Fluid.bufnoveltyslice~ pitch algorithm jumps between generating 2 slicepoints and ALL the slicepoints

scottmclaughlin · April 3, 2024, 4:40pm

[this is partially answered in another thread with Rodrigo but not fully, or maybe things have changed]

I’m using fluid.bufnoveltyslice~ to find pitch changes within files. With default settings, the pitch algorithm gives radically different response when I cross a threshold tipping point of about 0.33. See these pics for comparison.

I’ve tried cranking up the kernel and filter size (and raised FFT to 2048) to no avail; though it would be useful if the helpfiles could indicate some viable ranges for non-programmers to try out, I have literally no idea what size kernel/filters to try.

Any suggestions on strategies to make this better? In my ultimate use case I’m going to be throwing a lot of very different field recording files at it, so tuning this per file in realtime isn’t going to be an option. Any suggestions for what approaches might work better for me?

FWIW, the spectrum and MFCC algorithms are more pliable, but not quite what I’m after.

cheers,
Scott

tremblap · April 3, 2024, 8:25pm

Hello Scott

I think the best intuitive way to understand novelty and pitch and how they work together would be to read this:

https://learn.flucoma.org/reference/noveltyslice/

and to play with the helpfile of fluid.(buf)noveltyfeature~ to see how it reacts/peaks on a small subset. i find that seeing the descriptors help me tweak and get a sense of what makes a difference.

for more technical explanations, there are references at the bottom of the learn page. Pitch is complicated in term of changes.

Can I ask why pitch, and not chroma? Field recordings are not usually super monophonic and pitch is good with monophonic…

If you post a link to a sample file, I’m happy to help brainstorm how to segment and/or find areas of change.

rodrigo.constanzo · April 4, 2024, 12:22am

That’s some spicy behavior!

From re-reading the thread, it seems like Pitch, in specific, is handicapped by the (internal) normalizing of pitch and confidence in a way that is unavoidable, which is a bummer.

The thresholding being all over the place for different algorithms doesn’t help, but it seems like in the case of some algorithms in specific, it’s near impossible to get novelty slicing to work “properly”.

tremblap · April 4, 2024, 7:15am

it works on mono pitch vs no pitch - it is quite experimental

scottmclaughlin · April 4, 2024, 9:41am

Thanks, I did read the reference but not the linked papers: TBH I thought they’d be too technical for me but actually now that I look at they are useful (if still a little over my head in some ways).

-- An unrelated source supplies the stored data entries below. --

lemma simple_coords_unique:
  assumes ss: "simple_system R D" and sub: "S \<subseteq> D"
    and eq: "(\<Sum>a\<in>S. complex_of_real (f a) *s a) = (\<Sum>a\<in>S. complex_of_real (g a) *s a)"
  shows "\<forall>a\<in>S. f a = g a"
proof -
  define c where "c a = (if a \<in> S then f a - g a else 0)" for a
  have finD: "finite D" using ss by (rule simple_system_finite)
  have "(\<Sum>a\<in>D. complex_of_real (c a) *s a) = (\<Sum>a\<in>D. if a \<in> S then complex_of_real (f a - g a) *s a else 0)"
    by (rule sum.cong) (auto simp: c_def)
  also have "\<dots> = (\<Sum>a\<in>D \<inter> S. complex_of_real (f a - g a) *s a)"
    by (rule sum.inter_restrict[OF finD, symmetric])
  also have "D \<inter> S = S" using sub by blast
  also have "(\<Sum>a\<in>S. complex_of_real (f a - g a) *s a)
      = (\<Sum>a\<in>S. complex_of_real (f a) *s a) - (\<Sum>a\<in>S. complex_of_real (g a) *s a)"
    by (simp add: vector_sub_rdistrib sum_subtractf)
  also have "\<dots> = 0" using eq by simp
  finally have c0: "\<forall>a\<in>D. c a = 0" using ss unfolding simple_system_def by blast
  show ?thesis
  proof
    fix a assume "a \<in> S"
    with sub c0 have "c a = 0" by blast
    with \<open>a \<in> S\<close> show "f a = g a" by (simp add: c_def)
  qed
qed

lemma simple_coords_unique_int:
  assumes "simple_system R D" and "S \<subseteq> D"
    and "(\<Sum>a\<in>S. of_int (f a) *s a) = (\<Sum>a\<in>S. of_int (g a) *s a)"
  shows "\<forall>a\<in>S. f a = (g a :: int)"
  using simple_coords_unique[OF assms(1,2), of "\<lambda>a. of_int (f a)" "\<lambda>a. of_int (g a)"] assms(3)
  by simp

lemma sum_scale_sum_swap:
  fixes y :: "'b \<Rightarrow> 'n::finite cvec"
  assumes "finite S" and "finite T"
  shows "(\<Sum>a\<in>S. k a *s (\<Sum>b\<in>T. M a b *s y b)) = (\<Sum>b\<in>T. (\<Sum>a\<in>S. k a * M a b) *s y b)"
proof -
  have "(\<Sum>a\<in>S. k a *s (\<Sum>b\<in>T. M a b *s y b)) = (\<Sum>a\<in>S. \<Sum>b\<in>T. (k a * M a b) *s y b)"
    by (simp add: vec.scale_sum_right vector_smult_assoc)
  also have "\<dots> = (\<Sum>b\<in>T. \<Sum>a\<in>S. (k a * M a b) *s y b)" by (rule sum.swap)
  also have "\<dots> = (\<Sum>b\<in>T. (\<Sum>a\<in>S. k a * M a b) *s y b)" by (simp add: vec.scale_sum_left)
  finally show ?thesis .
qed

lemma sum_single_support:
  fixes y :: "'a \<Rightarrow> 'n::finite cvec"
  assumes "finite S" and "\<alpha> \<in> S" and "\<forall>b\<in>S. b \<noteq> \<alpha> \<longrightarrow> c b = 0"
  shows "(\<Sum>b\<in>S. c b *s y b) = c \<alpha> *s y \<alpha>"
proof -
  have "(\<Sum>b\<in>S. c b *s y b) = (\<Sum>b\<in>S. if b = \<alpha> then c \<alpha> *s y \<alpha> else 0)"
    using assms(3) by (intro sum.cong) auto
  then show ?thesis using assms(1,2) by simp
qed

(* Passage between complex vectors with real entries and vectors of the Euclidean space
   real ^ 'n, where the bilinear form becomes the inner product. *)
definition re_vec :: "'n::finite cvec \<Rightarrow> real ^ 'n" where
  "re_vec v = (\<chi> i. Re (v $ i))"

definition of_real_vec :: "real ^ 'n \<Rightarrow> 'n::finite cvec" where
  "of_real_vec u = (\<chi> i. complex_of_real (u $ i))"

lemma of_real_vec_re_vec: "is_real_vec v \<Longrightarrow> of_real_vec (re_vec v) = v"
  unfolding of_real_vec_def re_vec_def is_real_vec_def by (simp add: vec_eq_iff)

lemma bf_of_real_vec: "is_real_vec v \<Longrightarrow> bf v (of_real_vec u) = complex_of_real (inner (re_vec v) u)"
  by (subst of_real_vec_re_vec[symmetric], assumption)
     (simp add: bf_def inner_vec_def of_real_vec_def re_vec_def of_real_sum)

lemma of_real_vec_sum_scale:
  "finite A \<Longrightarrow> of_real_vec (\<Sum>a\<in>A. c a *\<^sub>R x a) = (\<Sum>a\<in>A. complex_of_real (c a) *s of_real_vec (x a))"
  by (induction rule: finite_induct) (simp_all add: of_real_vec_def vec_eq_iff)

(* Double orthogonal complement: a real vector orthogonal to every real vector that is
   orthogonal to the real family S lies in the real span of S. *)
lemma real_span_of_orthogonal:
  fixes S :: "'n::finite cvec set"
  assumes fin: "finite S" and real_S: "\<forall>a\<in>S. is_real_vec a" and real_g: "is_real_vec g"
    and orth: "\<And>u. \<forall>a\<in>S. bf a (of_real_vec u) = 0 \<Longrightarrow> bf g (of_real_vec u) = 0"
  shows "\<exists>c. g = (\<Sum>a\<in>S. complex_of_real (c a) *s a)"
proof -
  obtain p z where p: "p \<in> span (re_vec ` S)" and z: "\<And>v. v \<in> span (re_vec ` S) \<Longrightarrow> orthogonal z v"
    and decomp: "re_vec g = p + z"
    using orthogonal_subspace_decomp_exists by blast
  have "\<forall>a\<in>S. bf a (of_real_vec z) = 0"
    using z[OF span_base] real_S by (simp add: bf_of_real_vec orthogonal_def inner_commute[of z])
  then have "bf g (of_real_vec z) = 0" by (rule orth)
  then have "inner (p + z) z = 0" using bf_of_real_vec[OF real_g] decomp by simp
  moreover have "inner p z = 0" using z[OF p] by (simp add: orthogonal_def inner_commute)
  ultimately have "z = 0" by (simp add: inner_add_left)
  then have "re_vec g \<in> span (re_vec ` S)" using decomp p by simp
  then obtain u where u: "re_vec g = (\<Sum>v\<in>re_vec ` S. u v *\<^sub>R v)"
    using span_finite[of "re_vec ` S"] fin by auto
  have inj: "inj_on re_vec S" using real_S of_real_vec_re_vec by (metis inj_onI)
  have "g = of_real_vec (re_vec g)" using real_g by (simp add: of_real_vec_re_vec)
  also have "\<dots> = of_real_vec (\<Sum>a\<in>S. u (re_vec a) *\<^sub>R re_vec a)"
    using u sum.reindex[OF inj, of "\<lambda>v. u v *\<^sub>R v"] by simp
  also have "\<dots> = (\<Sum>a\<in>S. complex_of_real (u (re_vec a)) *s a)"
    using fin real_S by (simp add: of_real_vec_sum_scale of_real_vec_re_vec)
  finally show ?thesis by (intro exI[of _ "\<lambda>a. u (re_vec a)"])
qed

definition annihilator :: "'n::finite cvec set \<Rightarrow> 'n cvec set" where
  "annihilator S = {u. \<forall>a\<in>S. bf a u = 0}"

lemma direction_H_eta:
  assumes x0: "x0 \<in> H_eta eta S"
  shows "direction (H_eta eta S) = annihilator S"
proof
  show "direction (H_eta eta S) \<subseteq> annihilator S"
    unfolding direction_def annihilator_def H_eta_def by (auto simp: bf_diff_right)
next
  show "annihilator S \<subseteq> direction (H_eta eta S)"
  proof
    fix u assume "u \<in> annihilator S"
    then have "x0 + u \<in> H_eta eta S" using x0 by (simp add: annihilator_def H_eta_def bf_add_right)
    moreover have "u = (x0 + u) - x0" by simp
    ultimately show "u \<in> direction (H_eta eta S)" using x0 unfolding direction_def by blast
  qed
qed

lemma direction_linear_image:
  assumes lin: "Vector_Spaces.linear (*s) (*s) f"
  shows "direction (f ` A) = f ` direction A"
proof -
  have "{f x - f y |x y. x \<in> A \<and> y \<in> A} = f ` {x - y |x y. x \<in> A \<and> y \<in> A}"
    by (auto simp: vec.linear_diff[OF lin, symmetric])
  then show ?thesis unfolding direction_def by blast
qed

lemma root_in_span_of_simple_subset:
  assumes ss: "simple_system R D" and sub: "S \<subseteq> D" and root: "\<gamma> \<in> R"
    and span: "\<gamma> = (\<Sum>a\<in>S. complex_of_real (c a) *s a)"
  shows "\<exists>k::'n::finite cvec \<Rightarrow> int. \<gamma> = (\<Sum>a\<in>S. of_int (k a) *s a) \<and>
           ((\<forall>a\<in>S. 0 \<le> k a) \<or> (\<forall>a\<in>S. k a \<le> 0))"
proof -
  obtain k :: "'n cvec \<Rightarrow> int" where gk: "\<gamma> = (\<Sum>a\<in>D. of_int (k a) *s a)"
    and signs: "(\<forall>a\<in>D. 0 \<le> k a) \<or> (\<forall>a\<in>D. k a \<le> 0)"
    using ss root unfolding simple_system_def by blast
  have finD: "finite D" using ss by (rule simple_system_finite)
  have "(\<Sum>a\<in>D. complex_of_real (if a \<in> S then c a else 0) *s a)
      = (\<Sum>a\<in>D. if a \<in> S then complex_of_real (c a) *s a else 0)"
    by (rule sum.cong) auto
  also have "\<dots> = (\<Sum>a\<in>D \<inter> S. complex_of_real (c a) *s a)"
    by (rule sum.inter_restrict[OF finD, symmetric])
  also have "D \<inter> S = S" using sub by blast
  finally have "(\<Sum>a\<in>D. complex_of_real (of_int (k a)) *s a)
      = (\<Sum>a\<in>D. complex_of_real (if a \<in> S then c a else 0) *s a)"
    using gk span by simp
  then have kc: "\<forall>a\<in>D. of_int (k a) = (if a \<in> S then c a else 0)"
    by (rule simple_coords_unique[OF ss order_refl])
  have "\<gamma> = (\<Sum>a\<in>S. of_int (k a) *s a)"
    unfolding span
  proof (intro sum.cong refl)
    fix a assume "a \<in> S"
    then have "c a = of_int (k a)" using kc sub by auto
    then show "complex_of_real (c a) *s a = of_int (k a) *s a" by simp
  qed
  then show ?thesis using signs sub by blast
qed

@tremblap you’re right, I should try chroma instead. My test file is a very clean clarinet melody (I wanted to get the basic patch working before trying field recordings), but I may as well dive into what the real world situation will be.

tremblap · April 4, 2024, 10:19am

Hello @scottmclaughlin nice to see you here!

the thing is, segmentation is always signal dependent. The more you do it, with various tools, the more you get a hunch of which tool will be best / less worst to do a given task… hence me offering to talk at a higher level with audio example - what is it you are trying to isolate in what kind of environment/context. that way, we can start to unpick what tool might be best

I hope this helps